DATA EXCERPTS -
--
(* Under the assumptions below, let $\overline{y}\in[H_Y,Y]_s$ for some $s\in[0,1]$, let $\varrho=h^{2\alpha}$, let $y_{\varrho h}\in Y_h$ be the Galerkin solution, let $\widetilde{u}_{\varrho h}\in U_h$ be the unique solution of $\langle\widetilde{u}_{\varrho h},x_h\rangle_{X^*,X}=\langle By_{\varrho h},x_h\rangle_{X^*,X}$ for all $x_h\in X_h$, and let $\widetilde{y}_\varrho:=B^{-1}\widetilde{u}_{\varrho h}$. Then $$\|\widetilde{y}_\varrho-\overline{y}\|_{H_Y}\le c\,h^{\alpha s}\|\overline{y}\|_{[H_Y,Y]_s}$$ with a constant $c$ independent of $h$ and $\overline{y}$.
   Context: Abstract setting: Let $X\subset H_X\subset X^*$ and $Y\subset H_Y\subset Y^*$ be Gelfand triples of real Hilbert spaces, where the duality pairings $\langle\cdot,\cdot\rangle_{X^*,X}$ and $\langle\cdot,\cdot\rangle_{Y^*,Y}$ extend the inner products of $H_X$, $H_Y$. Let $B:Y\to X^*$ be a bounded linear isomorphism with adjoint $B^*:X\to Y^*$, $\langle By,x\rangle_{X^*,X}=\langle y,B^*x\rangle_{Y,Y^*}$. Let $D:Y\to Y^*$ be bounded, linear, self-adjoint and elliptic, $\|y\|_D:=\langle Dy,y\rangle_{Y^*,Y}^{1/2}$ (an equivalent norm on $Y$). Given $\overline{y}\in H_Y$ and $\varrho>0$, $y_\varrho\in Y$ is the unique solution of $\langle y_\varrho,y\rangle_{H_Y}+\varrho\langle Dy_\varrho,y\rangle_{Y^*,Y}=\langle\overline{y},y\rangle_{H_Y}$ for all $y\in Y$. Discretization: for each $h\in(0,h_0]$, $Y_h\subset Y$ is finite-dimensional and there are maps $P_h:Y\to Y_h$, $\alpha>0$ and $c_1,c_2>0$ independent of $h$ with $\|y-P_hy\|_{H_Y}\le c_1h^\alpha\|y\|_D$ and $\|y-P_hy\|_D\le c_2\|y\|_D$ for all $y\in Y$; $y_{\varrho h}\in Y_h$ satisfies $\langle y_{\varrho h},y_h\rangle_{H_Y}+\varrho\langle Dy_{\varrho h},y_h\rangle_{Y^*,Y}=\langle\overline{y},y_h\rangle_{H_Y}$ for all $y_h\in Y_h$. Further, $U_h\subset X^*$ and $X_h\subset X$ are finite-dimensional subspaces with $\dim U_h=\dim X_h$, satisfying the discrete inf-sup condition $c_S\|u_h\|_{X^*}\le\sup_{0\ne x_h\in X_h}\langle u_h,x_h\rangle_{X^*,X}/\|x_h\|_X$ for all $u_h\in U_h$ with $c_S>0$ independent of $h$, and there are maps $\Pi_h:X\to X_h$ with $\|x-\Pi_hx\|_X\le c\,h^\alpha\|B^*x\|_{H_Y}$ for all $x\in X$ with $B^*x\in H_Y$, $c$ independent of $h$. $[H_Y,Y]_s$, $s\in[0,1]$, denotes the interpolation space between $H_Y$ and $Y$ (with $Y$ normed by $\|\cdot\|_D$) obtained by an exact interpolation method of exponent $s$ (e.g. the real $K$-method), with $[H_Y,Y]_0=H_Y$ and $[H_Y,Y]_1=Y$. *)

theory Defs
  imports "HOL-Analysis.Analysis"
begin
--
TASK PROMPT -
Exactly as given, repeat each line above.

ANSWER SECTION -
(* Under the assumptions below, let $\overline{y}\in[H_Y,Y]_s$ for some $s\in[0,1]$, let $\varrho=h^{2\alpha}$, let $y_{\varrho h}\in Y_h$ be the Galerkin solution, let $\widetilde{u}_{\varrho h}\in U_h$ be the unique solution of $\langle\widetilde{u}_{\varrho h},x_h\rangle_{X^*,X}=\langle By_{\varrho h},x_h\rangle_{X^*,X}$ for all $x_h\in X_h$, and let $\widetilde{y}_\varrho:=B^{-1}\widetilde{u}_{\varrho h}$. Then $$\|\widetilde{y}_\varrho-\overline{y}\|_{H_Y}\le c\,h^{\alpha s}\|\overline{y}\|_{[H_Y,Y]_s}$$ with a constant $c$ independent of $h$ and $\overline{y}$.
   Context: Abstract setting: Let $X\subset H_X\subset X^*$ and $Y\subset H_Y\subset Y^*$ be Gelfand triples of real Hilbert spaces, where the duality pairings $\langle\cdot,\cdot\rangle_{X^*,X}$ and $\langle\cdot,\cdot\rangle_{Y^*,Y}$ extend the inner products of $H_X$, $H_Y$. Let $B:Y\to X^*$ be a bounded linear isomorphism with adjoint $B^*:X\to Y^*$, $\langle By,x\rangle_{X^*,X}=\langle y,B^*x\rangle_{Y,Y^*}$. Let $D:Y\to Y^*$ be bounded, linear, self-adjoint and elliptic, $\|y\|_D:=\langle Dy,y\rangle_{Y^*,Y}^{1/2}$ (an equivalent norm on $Y$). Given $\overline{y}\in H_Y$ and $\varrho>0$, $y_\varrho\in Y$ is the unique solution of $\langle y_\varrho,y\rangle_{H_Y}+\varrho\langle Dy_\varrho,y\rangle_{Y^*,Y}=\langle\overline{y},y\rangle_{H_Y}$ for all $y\in Y$. Discretization: for each $h\in(0,h_0]$, $Y_h\subset Y$ is finite-dimensional and there are maps $P_h:Y\to Y_h$, $\alpha>0$ and $c_1,c_2>0$ independent of $h$ with $\|y-P_hy\|_{H_Y}\le c_1h^\alpha\|y\|_D$ and $\|y-P_hy\|_D\le c_2\|y\|_D$ for all $y\in Y$; $y_{\varrho h}\in Y_h$ satisfies $\langle y_{\varrho h},y_h\rangle_{H_Y}+\varrho\langle Dy_{\varrho h},y_h\rangle_{Y^*,Y}=\langle\overline{y},y_h\rangle_{H_Y}$ for all $y_h\in Y_h$. Further, $U_h\subset X^*$ and $X_h\subset X$ are finite-dimensional subspaces with $\dim U_h=\dim X_h$, satisfying the discrete inf-sup condition $c_S\|u_h\|_{X^*}\le\sup_{0\ne x_h\in X_h}\langle u_h,x_h\rangle_{X^*,X}/\|x_h\|_X$ for all $u_h\in U_h$ with $c_S>0$ independent of $h$, and there are maps $\Pi_h:X\to X_h$ with $\|x-\Pi_hx\|_X\le c\,h^\alpha\|B^*x\|_{H_Y}$ for all $x\in X$ with $B^*x\in H_Y$, $c$ independent of $h$. $[H_Y,Y]_s$, $s\in[0,1]$, denotes the interpolation space between $H_Y$ and $Y$ (with $Y$ normed by $\|\cdot\|_D$) obtained by an exact interpolation method of exponent $s$ (e.g. the real $K$-method), with $[H_Y,Y]_0=H_Y$ and $[H_Y,Y]_1=Y$. *)

theory Defs
  imports "HOL-Analysis.Analysis"
begin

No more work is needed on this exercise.